The Missing Mile — Exploring the Autonomous Odyssey | AV for Last and First-mile Transportation

Prathyusha Shastry
5 min readJul 8, 2023


In recent years, autonomous vehicles have emerged as a disruptive technology, reshaping the landscape of transportation systems around the globe. From personal cars to public transportation, the potential applications of self-driving vehicles are vast and varied.

In the Indian context, where mobility is a critical challenge faced by the burgeoning population, autonomous vehicles hold immense promise for transforming transportation and logistics.

As designers, it’s essential to be aware of emerging technologies, including autonomous vehicles (AVs), and their impact on transportation. This study is a comprehensive design research endeavor aimed at understanding the evolving landscape of AVs. By delving deep into this subject, we seek to gain insights into the implications, opportunities, and design considerations brought about by technological advancements. Our goal is to develop innovative and user-centered solutions that address the evolving needs of mobility in today’s rapidly changing technological environment.

Credit — Pinterest

Through a design research and analysis lens, this article presents you with the applicability of autonomous vehicles, specifically in the context of Indian university campuses, and uncovers a range of both obvious and not-so-obvious facts.

Self-Driving Cars Technology & Solutions | NVIDIA Automotive

A Mutual-Aid Intelligent Delivery Service for Indian University Campuses: An Analysis on the Current Mobility System
By Lakshmi Prathyusha (Author), Harleen Dhawan & Chirasmita Das.


With an increase in the number of smartphone and internet users in India, early-age adoption of technology and a change in buying behaviors are observed (“Understanding Consumer Behavior: Insights” from McKinsey and Forrester, 2021). The convenience and accessibility of online platforms, especially for students, are a significant part of the online delivery market in India. However, many universities or educational campuses do not allow delivery services within the campus, which leads to the missing ‘last mile’.

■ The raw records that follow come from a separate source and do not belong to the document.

(* Let $R$ be a pmp equivalence relation on $(X,\mu)$ and $F\subseteq\llbracket R\rrbracket$ a finite subset. Then $s(F)\leq\operatorname{cost}(F)$, where $\operatorname{cost}(F)=\sum_{s\in F}\mu(\operatorname{dom}s)$.
   Context: Let $(X,\mu)$ be a standard probability space and $R$ a pmp countable Borel equivalence relation. $\llbracket R\rrbracket$ denotes the set of partial measure-preserving Borel bijections between Borel subsets of $X$ with graph contained in $R$, modulo null sets, with composition, inverses and identity $1$. Pairwise orthogonal elements (pairwise disjoint domains and ranges) have a sum; $\mathbf\Sigma F$ is the set of finite sums of pairwise orthogonal elements of $F$; $F_\pm=F\cup\{s^{-1}:s\in F\}\cup\{1\}$; $F_\pm^n$ the products of $n$ elements of $F_\pm$. $|s-t|=\mu\{x\in\operatorname{dom}s\cup\operatorname{dom}t:s(x)\neq t(x)\}$ (with $s(x)\neq t(x)$ on $\operatorname{dom}s\triangle\operatorname{dom}t$), $\tau(s)=\mu\{x\in\operatorname{dom}s:s(x)=x\}$. $\llbracket d\rrbracket$: partial permutations of $\{1,\dots,d\}$ with uniform measure, same distance, trace $\operatorname{tr}$. ${\rm SA}(F,n,\delta,d)$ is the set of maps $\varphi:\llbracket R\rrbracket\to\llbracket d\rrbracket$ with $\varphi(1)=1$ such that $|\varphi(st)-\varphi(s)\varphi(t)|<\delta$ for all $s,t\in\mathbf\Sigma F_\pm^n$ with $st\in\mathbf\Sigma F_\pm^n$, and $|\operatorname{tr}(\varphi(s))-\tau(s)|<\delta$ for all $s\in\mathbf\Sigma F_\pm^n$. ${\rm NSA}(F,n,\delta,d)$ is the number of distinct restrictions $\varphi|_F$, $\varphi\in{\rm SA}(F,n,\delta,d)$, and $s(F)=\inf_n\inf_{\delta>0}\limsup_{d\to\infty}\frac{1}{d\log d}\log{\rm NSA}(F,n,\delta,d)$ ($\log0=-\infty$). *)

theory Defs
  imports "HOL-Probability.Probability"
begin

definition borel_pbij :: "'a measure \<Rightarrow> ('a \<times> 'a) set \<Rightarrow> ('a \<rightharpoonup> 'a) \<Rightarrow> bool" where
  "borel_pbij M R f \<longleftrightarrow> dom f \<in> sets M \<and> inj_on f (dom f)
     \<and> (\<forall>x\<in>dom f. (x, the (f x)) \<in> R)
     \<and> (\<forall>A\<in>sets M. {x\<in>dom f. the (f x) \<in> A} \<in> sets M)
     \<and> (\<forall>A\<in>sets M. A \<subseteq> dom f \<longrightarrow> (\<lambda>x. the (f x)) ` A \<in> sets M)"

definition meas_pres :: "'a measure \<Rightarrow> ('a \<rightharpoonup> 'a) \<Rightarrow> bool" where
  "meas_pres M f \<longleftrightarrow> (\<forall>A\<in>sets M. A \<subseteq> dom f \<longrightarrow>
      emeasure M ((\<lambda>x. the (f x)) ` A) = emeasure M A)"

definition cber :: "'a measure \<Rightarrow> ('a \<times> 'a) set \<Rightarrow> bool" where
  "cber M R \<longleftrightarrow> equiv (space M) R \<and> R \<in> sets (M \<Otimes>\<^sub>M M)
     \<and> (\<forall>x\<in>space M. countable (R `` {x}))"

definition pmp_rel :: "'a measure \<Rightarrow> ('a \<times> 'a) set \<Rightarrow> bool" where
  "pmp_rel M R \<longleftrightarrow> (\<forall>f. borel_pbij M R f \<longrightarrow> meas_pres M f)"

section \<open>The full pseudogroup [[R]] (classes modulo null sets)\<close>

definition pmp_partial :: "'a measure \<Rightarrow> ('a \<times> 'a) set \<Rightarrow> ('a \<rightharpoonup> 'a) \<Rightarrow> bool" where
  "pmp_partial M R f \<longleftrightarrow> borel_pbij M R f \<and> meas_pres M f"

text \<open>Class modulo null sets (f x \<noteq> g x includes the symmetric difference of domains).\<close>
definition pg_class :: "'a measure \<Rightarrow> ('a \<times> 'a) set \<Rightarrow> ('a \<rightharpoonup> 'a) \<Rightarrow> ('a \<rightharpoonup> 'a) set" where
  "pg_class M R f = {g. pmp_partial M R g \<and> (AE x in M. g x = f x)}"

definition pseudogroup :: "'a measure \<Rightarrow> ('a \<times> 'a) set \<Rightarrow> ('a \<rightharpoonup> 'a) set set" where
  "pseudogroup M R = pg_class M R ` {f. pmp_partial M R f}"

definition pg_rep :: "('a \<rightharpoonup> 'a) set \<Rightarrow> ('a \<rightharpoonup> 'a)" where
  "pg_rep S = (SOME f. f \<in> S)"

definition pg_mult :: "'a measure \<Rightarrow> ('a \<times> 'a) set \<Rightarrow> ('a \<rightharpoonup> 'a) set \<Rightarrow> ('a \<rightharpoonup> 'a) set \<Rightarrow> ('a \<rightharpoonup> 'a) set" where
  "pg_mult M R S T = pg_class M R (pg_rep S \<circ>\<^sub>m pg_rep T)"

definition pinv :: "('a \<rightharpoonup> 'b) \<Rightarrow> ('b \<rightharpoonup> 'a)" where
  "pinv f = (\<lambda>y. if y \<in> ran f then Some (THE x. f x = Some y) else None)"

definition pg_inv :: "'a measure \<Rightarrow> ('a \<times> 'a) set \<Rightarrow> ('a \<rightharpoonup> 'a) set \<Rightarrow> ('a \<rightharpoonup> 'a) set" where
  "pg_inv M R S = pg_class M R (pinv (pg_rep S))"

definition pg_one :: "'a measure \<Rightarrow> ('a \<times> 'a) set \<Rightarrow> ('a \<rightharpoonup> 'a) set" where
  "pg_one M R = pg_class M R Some"

definition pg_orth :: "'a measure \<Rightarrow> ('a \<rightharpoonup> 'a) set \<Rightarrow> ('a \<rightharpoonup> 'a) set \<Rightarrow> bool" where
  "pg_orth M S T \<longleftrightarrow> dom (pg_rep S) \<inter> dom (pg_rep T) \<in> null_sets M
      \<and> ran (pg_rep S) \<inter> ran (pg_rep T) \<in> null_sets M"

definition pg_sum :: "'a measure \<Rightarrow> ('a \<times> 'a) set \<Rightarrow> ('a \<rightharpoonup> 'a) set set \<Rightarrow> ('a \<rightharpoonup> 'a) set" where
  "pg_sum M R G = pg_class M R (\<lambda>x. if \<exists>S\<in>G. x \<in> dom (pg_rep S)
      then pg_rep (SOME S. S \<in> G \<and> x \<in> dom (pg_rep S)) x else None)"

definition SigmaSums :: "'a measure \<Rightarrow> ('a \<times> 'a) set \<Rightarrow> ('a \<rightharpoonup> 'a) set set \<Rightarrow> ('a \<rightharpoonup> 'a) set set" where
  "SigmaSums M R A = {pg_sum M R G | G. finite G \<and> G \<subseteq> A
      \<and> (\<forall>S\<in>G. \<forall>T\<in>G. S \<noteq> T \<longrightarrow> pg_orth M S T)}"

definition Fpm :: "'a measure \<Rightarrow> ('a \<times> 'a) set \<Rightarrow> ('a \<rightharpoonup> 'a) set set \<Rightarrow> ('a \<rightharpoonup> 'a) set set" where
  "Fpm M R F = F \<union> pg_inv M R ` F \<union> {pg_one M R}"

definition Fpow :: "'a measure \<Rightarrow> ('a \<times> 'a) set \<Rightarrow> ('a \<rightharpoonup> 'a) set set \<Rightarrow> nat \<Rightarrow> ('a \<rightharpoonup> 'a) set set" where
  "Fpow M R F n = {foldr (pg_mult M R) xs (pg_one M R) | xs. length xs = n \<and> set xs \<subseteq> Fpm M R F}"

definition pg_dist :: "'a measure \<Rightarrow> ('a \<rightharpoonup> 'a) set \<Rightarrow> ('a \<rightharpoonup> 'a) set \<Rightarrow> real" where
  "pg_dist M S T = measure M {x. pg_rep S x \<noteq> pg_rep T x}"

definition pg_tau :: "'a measure \<Rightarrow> ('a \<rightharpoonup> 'a) set \<Rightarrow> real" where
  "pg_tau M S = measure M {x. pg_rep S x = Some x}"

definition pperm :: "nat \<Rightarrow> (nat \<rightharpoonup> nat) \<Rightarrow> bool" where
  "pperm d \<sigma> \<longleftrightarrow> dom \<sigma> \<subseteq> {1..d} \<and> ran \<sigma> \<subseteq> {1..d} \<and> inj_on \<sigma> (dom \<sigma>)"

definition pp_one :: "nat \<Rightarrow> (nat \<rightharpoonup> nat)" where
  "pp_one d = (\<lambda>i. if i \<in> {1..d} then Some i else None)"

definition pp_dist :: "nat \<Rightarrow> (nat \<rightharpoonup> nat) \<Rightarrow> (nat \<rightharpoonup> nat) \<Rightarrow> real" where
  "pp_dist d \<sigma> \<tau> = real (card {i\<in>{1..d}. \<sigma> i \<noteq> \<tau> i}) / real d"

definition pp_tr :: "nat \<Rightarrow> (nat \<rightharpoonup> nat) \<Rightarrow> real" where
  "pp_tr d \<sigma> = real (card {i\<in>{1..d}. \<sigma> i = Some i}) / real d"

definition SA :: "'a measure \<Rightarrow> ('a \<times> 'a) set \<Rightarrow> ('a \<rightharpoonup> 'a) set set \<Rightarrow> nat \<Rightarrow> real \<Rightarrow> nat
    \<Rightarrow> (('a \<rightharpoonup> 'a) set \<Rightarrow> (nat \<rightharpoonup> nat)) set" where
  "SA M R F n \<delta> d = (let Sg = SigmaSums M R (Fpow M R F n) in
     {\<phi>. (\<forall>S\<in>pseudogroup M R. pperm d (\<phi> S)) \<and> \<phi> (pg_one M R) = pp_one d
       \<and> (\<forall>s\<in>Sg. \<forall>t\<in>Sg. pg_mult M R s t \<in> Sg \<longrightarrow>
            pp_dist d (\<phi> (pg_mult M R s t)) (\<phi> s \<circ>\<^sub>m \<phi> t) < \<delta>)
       \<and> (\<forall>s\<in>Sg. \<bar>pp_tr d (\<phi> s) - pg_tau M s\<bar> < \<delta>)})"

definition NSA :: "'a measure \<Rightarrow> ('a \<times> 'a) set \<Rightarrow> ('a \<rightharpoonup> 'a) set set \<Rightarrow> nat \<Rightarrow> real \<Rightarrow> nat \<Rightarrow> nat" where
  "NSA M R F n \<delta> d = card ((\<lambda>\<phi>. restrict \<phi> F) ` SA M R F n \<delta> d)"

text \<open>log 0 = -infinity; natural logarithms (base cancels in the ratio).\<close>
definition sofic_s :: "'a measure \<Rightarrow> ('a \<times> 'a) set \<Rightarrow> ('a \<rightharpoonup> 'a) set set \<Rightarrow> ereal" where
  "sofic_s M R F = (INF n\<in>{1..}. INF \<delta>\<in>{0<..}. limsup (\<lambda>d.
      if NSA M R F n \<delta> d = 0 then -\<infinity>
      else ereal (ln (real (NSA M R F n \<delta> d)) / (real d * ln (real d)))))"

definition pg_cost :: "'a measure \<Rightarrow> ('a \<rightharpoonup> 'a) set set \<Rightarrow> real" where
  "pg_cost M F = (\<Sum>S\<in>F. measure M (dom (pg_rep S)))"

end

theory Submission
  imports Defs
begin

(* We bound s(F) by its value at level n = 2.  For S in F with representative f, the element
   e_S = S^-1 S is the class of the partial identity on dom f, so e_S has trace mu(dom S).  Both
   S and e_S are products of two letters of F_pm, hence lie in Sigma F_pm^2, and they satisfy
   S = S e_S and e_S = e_S e_S.  For a sofic approximation phi with defect delta every point of
   dom phi(S) either witnesses the defect of phi(S) ~ phi(S) phi(e_S), or that of
   phi(e_S) ~ phi(e_S)^2, or is a fixed point of phi(e_S); hence |dom phi(S)| <= (mu(dom S) + 3 delta) d.
   Partial permutations of {1..d} with at most K points in the domain number at most 2^d d^K, so
   log NSA(F,2,delta,d) / (d log d) <= |F| log 2 / log d + cost(F) + 3 delta |F|.  Letting d -> oo
   and then delta -> 0 gives the theorem. *)


lemma dom_map_comp: "dom (f \<circ>\<^sub>m g) = {x\<in>dom g. the (g x) \<in> dom f}"
  by (auto simp: map_comp_def split: option.splits)

lemma inj_on_dom_map_comp:
  assumes f: "inj_on f (dom f)" and g: "inj_on g (dom g)"
  shows "inj_on (f \<circ>\<^sub>m g) (dom (f \<circ>\<^sub>m g))"
proof (rule inj_onI)
  fix x y
  assume x: "x \<in> dom (f \<circ>\<^sub>m g)" and y: "y \<in> dom (f \<circ>\<^sub>m g)"
    and eq: "(f \<circ>\<^sub>m g) x = (f \<circ>\<^sub>m g) y"
  have "\<exists>a. g x = Some a \<and> a \<in> dom f" "\<exists>b. g y = Some b \<and> b \<in> dom f"
    using x y by (auto simp: map_comp_def split: option.splits)
  then obtain a b where a: "g x = Some a" "a \<in> dom f" and b: "g y = Some b" "b \<in> dom f"
    by blast
  then have "f a = f b" using eq by simp
  then have "a = b" using f a b by (meson inj_onD)
  then show "x = y" using g a b by (metis domI inj_onD)
qed

lemma pinv_Some:
  assumes inj: "inj_on f (dom f)"
  shows "pinv f y = Some x \<longleftrightarrow> f x = Some y"
proof -
  have uniq: "w = z" if "f w = Some y" "f z = Some y" for w z
    using that inj by (metis domI inj_onD)
  then have "(THE x. f x = Some y) = z" if "f z = Some y" for z
    using that by blast
  then show ?thesis using uniq by (auto simp: pinv_def ran_def)
qed

lemma dom_pinv: "dom (pinv f) = ran f"
  by (rule set_eqI) (simp add: pinv_def dom_def)

lemma ran_eq_image_dom: "ran f = (\<lambda>x. the (f x)) ` dom f"
  unfolding ran_def dom_def by (auto intro!: image_eqI)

The degree of satisfaction with the current delivery system was comprehended by understanding the pain points, needs, behaviors, and expectations of the two parties, i.e., students and delivery agents. Our research revolved around understanding the current system as well as the feasibility and requirements to adapt to a new tech-based system.

In addition to the delivery service, the need for smooth on-campus mobility services is also highlighted in the study which also suffers from the first and last mile problem. Implementing a sustainable and efficient delivery service, along with an optimized mobility service, will not only benefit the young generation but also promote the growth of the e-commerce economy. Ultimately, our study emphasizes the importance of addressing the evolving needs of university students and adapting to the changing landscape of the e-commerce industry.

How did we do it?

To achieve our objectives, We employed a combination of methods to gather data, including in-depth interviews, contextual inquiry, visual ethnography, participatory workshops, scenario testing, and a questionnaire-based survey to determine the degree of satisfaction with the current system. There is a gap in traditional models, which are incapable of meeting the needs for optimized pick-up, delivery, segregation, storage, and distribution.

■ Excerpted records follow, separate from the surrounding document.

lemma bigo_divide_powr:
  fixes f :: "real \<Rightarrow> real"
  assumes "f \<in> O(\<lambda>\<omega>. \<omega> powr e)"
  shows "(\<lambda>\<omega>. f \<omega> / \<omega>) \<in> O(\<lambda>\<omega>. \<omega> powr (e - 1))"
proof -
  have "\<forall>\<^sub>F \<omega> in at_top. inverse \<omega> * \<omega> powr e = \<omega> powr (e - 1)"
    using eventually_gt_at_top[of 0] by eventually_elim (simp add: powr_diff divide_inverse)
  then have "O(\<lambda>\<omega>. inverse \<omega> * \<omega> powr e) = O(\<lambda>\<omega>. \<omega> powr (e - 1))"
    by (rule landau_o.big.cong)
  moreover have "(\<lambda>\<omega>. inverse \<omega> * f \<omega>) \<in> O(\<lambda>\<omega>. inverse \<omega> * \<omega> powr e)"
    using assms by (rule landau_o.big.mult_left)
  moreover have "(\<lambda>\<omega>. f \<omega> / \<omega>) = (\<lambda>\<omega>. inverse \<omega> * f \<omega>)"
    by (simp add: divide_inverse_commute)
  ultimately show ?thesis by simp
qed

lemma bessel_Jr_bigo:
  assumes "c > 0"
  shows "(\<lambda>\<omega>. bessel_Jr mu (\<omega> * c)) \<in> O(\<lambda>\<omega>. \<omega> powr (-1/2))"
proof -
  obtain C where "\<forall>\<^sub>F \<omega> in at_top. \<forall>x\<in>{c}. \<bar>bessel_Jr mu (\<omega> * id x)\<bar> \<le> C * \<omega> powr (-1/2)"
    using bessel_Jr_uniform_decay[of c "{c}" id mu] assms by auto
  then show ?thesis by (intro bigoI[of _ C]) (auto elim!: eventually_mono)
qed

lemma bessel_integral_decay:
  fixes a b :: real
  assumes "a < b"
    and G_pos: "\<forall>x\<in>{a..b}. G x > 0"
    and G_deriv: "\<forall>x\<in>{a..b}. (G has_real_derivative G' x) (at x within {a..b})"
    and G'_nz: "\<forall>x\<in>{a..b}. G' x \<noteq> 0"
    and G_smooth: "\<And>n. Ck_flat a b n 0 G" and G'_smooth: "\<And>n. Ck_flat a b n 0 G'"
    and h: "Ck_flat a b (Suc m) m h"
  shows "(\<lambda>\<omega>. integral {a..b} (\<lambda>x. h x * bessel_Jr mu (\<omega> * G x))) \<in> O(\<lambda>\<omega>. \<omega> powr (- real m - 3/2))"
  using h
proof (induction m arbitrary: mu h)
  case 0
  obtain h1 v where h1: "Ck_flat a b 0 (0 - 1) h1" and "0 < (0::nat) \<Longrightarrow> v a = 0 \<and> v b = 0"
    and eq: "\<And>\<omega>. \<omega> > 0 \<Longrightarrow> integral {a..b} (\<lambda>x. h x * bessel_Jr mu (\<omega> * G x)) =
      (v b * bessel_Jr (mu + 1) (\<omega> * G b) - v a * bessel_Jr (mu + 1) (\<omega> * G a)
       + integral {a..b} (\<lambda>x. h1 x * bessel_Jr (mu + 1) (\<omega> * G x))) / \<omega>"
    by (rule bessel_integral_reduction[OF assms(1-6) "0.prems", where mu = mu]) blast
  have G_cont: "continuous_on {a..b} G" by (rule Ck_flat_continuous_on[OF G_smooth])
  have "G a > 0" "G b > 0" using G_pos \<open>a < b\<close> by auto
  have "(\<lambda>\<omega>. v a * bessel_Jr (mu + 1) (\<omega> * G a)) \<in> O(\<lambda>\<omega>. \<omega> powr (-1/2))"
    and "(\<lambda>\<omega>. v b * bessel_Jr (mu + 1) (\<omega> * G b)) \<in> O(\<lambda>\<omega>. \<omega> powr (-1/2))"
    using bessel_Jr_bigo[OF \<open>G a > 0\<close>] bessel_Jr_bigo[OF \<open>G b > 0\<close>] by simp_all
  moreover have "(\<lambda>\<omega>. integral {a..b} (\<lambda>x. h1 x * bessel_Jr (mu + 1) (\<omega> * G x))) \<in> O(\<lambda>\<omega>. \<omega> powr (-1/2))"
    using \<open>a < b\<close> h1 G_pos G_cont by (intro bessel_integral_bigo_sqrt) auto
  ultimately have num: "(\<lambda>\<omega>. v b * bessel_Jr (mu + 1) (\<omega> * G b) - v a * bessel_Jr (mu + 1) (\<omega> * G a)
       + integral {a..b} (\<lambda>x. h1 x * bessel_Jr (mu + 1) (\<omega> * G x))) \<in> O(\<lambda>\<omega>. \<omega> powr (-1/2))"
    by (intro sum_in_bigo(1) sum_in_bigo(2))
  have e: "-1/2 - 1 = - real 0 - 3/2" by simp
  from bigo_divide_powr[OF num, unfolded e]
  have bound: "(\<lambda>\<omega>. (v b * bessel_Jr (mu + 1) (\<omega> * G b) - v a * bessel_Jr (mu + 1) (\<omega> * G a)
       + integral {a..b} (\<lambda>x. h1 x * bessel_Jr (mu + 1) (\<omega> * G x))) / \<omega>)
      \<in> O(\<lambda>\<omega>. \<omega> powr (- real 0 - 3/2))" .
  have "\<forall>\<^sub>F \<omega> in at_top. integral {a..b} (\<lambda>x. h x * bessel_Jr mu (\<omega> * G x)) =
      (v b * bessel_Jr (mu + 1) (\<omega> * G b) - v a * bessel_Jr (mu + 1) (\<omega> * G a)
       + integral {a..b} (\<lambda>x. h1 x * bessel_Jr (mu + 1) (\<omega> * G x))) / \<omega>"
    using eventually_gt_at_top[of 0] by (rule eventually_mono) (rule eq)
  from landau_o.big.in_cong[OF this] bound show ?case by blast
next
  case (Suc m)
  obtain h1 v where h1: "Ck_flat a b (Suc m) (Suc m - 1) h1" and v: "0 < Suc m \<Longrightarrow> v a = 0 \<and> v b = 0"
    and eq: "\<And>\<omega>. \<omega> > 0 \<Longrightarrow> integral {a..b} (\<lambda>x. h x * bessel_Jr mu (\<omega> * G x)) =
      (v b * bessel_Jr (mu + 1) (\<omega> * G b) - v a * bessel_Jr (mu + 1) (\<omega> * G a)
       + integral {a..b} (\<lambda>x. h1 x * bessel_Jr (mu + 1) (\<omega> * G x))) / \<omega>"
    by (rule bessel_integral_reduction[OF assms(1-6) Suc.prems, where mu = mu]) blast
  have e: "- real m - 3/2 - 1 = - real (Suc m) - 3/2" by simp
  from h1 have "Ck_flat a b (Suc m) m h1" by simp
  from bigo_divide_powr[OF Suc.IH[OF this], unfolded e]
  have bound: "(\<lambda>\<omega>. integral {a..b} (\<lambda>x. h1 x * bessel_Jr (mu + 1) (\<omega> * G x)) / \<omega>)
      \<in> O(\<lambda>\<omega>. \<omega> powr (- real (Suc m) - 3/2))" .
  have "\<forall>\<^sub>F \<omega> in at_top. integral {a..b} (\<lambda>x. h x * bessel_Jr mu (\<omega> * G x)) =
      integral {a..b} (\<lambda>x. h1 x * bessel_Jr (mu + 1) (\<omega> * G x)) / \<omega>"
    using eventually_gt_at_top[of 0] by (rule eventually_mono) (simp add: eq v)
  from landau_o.big.in_cong[OF this] bound show ?case by blast
qed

Research methodology — conceptual framework

Data analysis suggests leveraging intelligent technologies like drones, automation, and IoT-based systems.

Initially exploring short-distance mobility using AV in an Indian context, we narrowed our focus based on insights gained from a pilot study. The approach combined qualitative and quantitative methods to ensure comprehensive analysis.

Find more details in the attached document


At the end of the data collection, 151 stakeholders were involved in the study. The participants were distributed across the country and across different cities (tier 1, tier 2, tier 3) and socio-cultural-economic backgrounds.

Universities for field study: IISc, University of agriculture (Bengaluru), National Institute of Design & National Institute of Technology (Trichy)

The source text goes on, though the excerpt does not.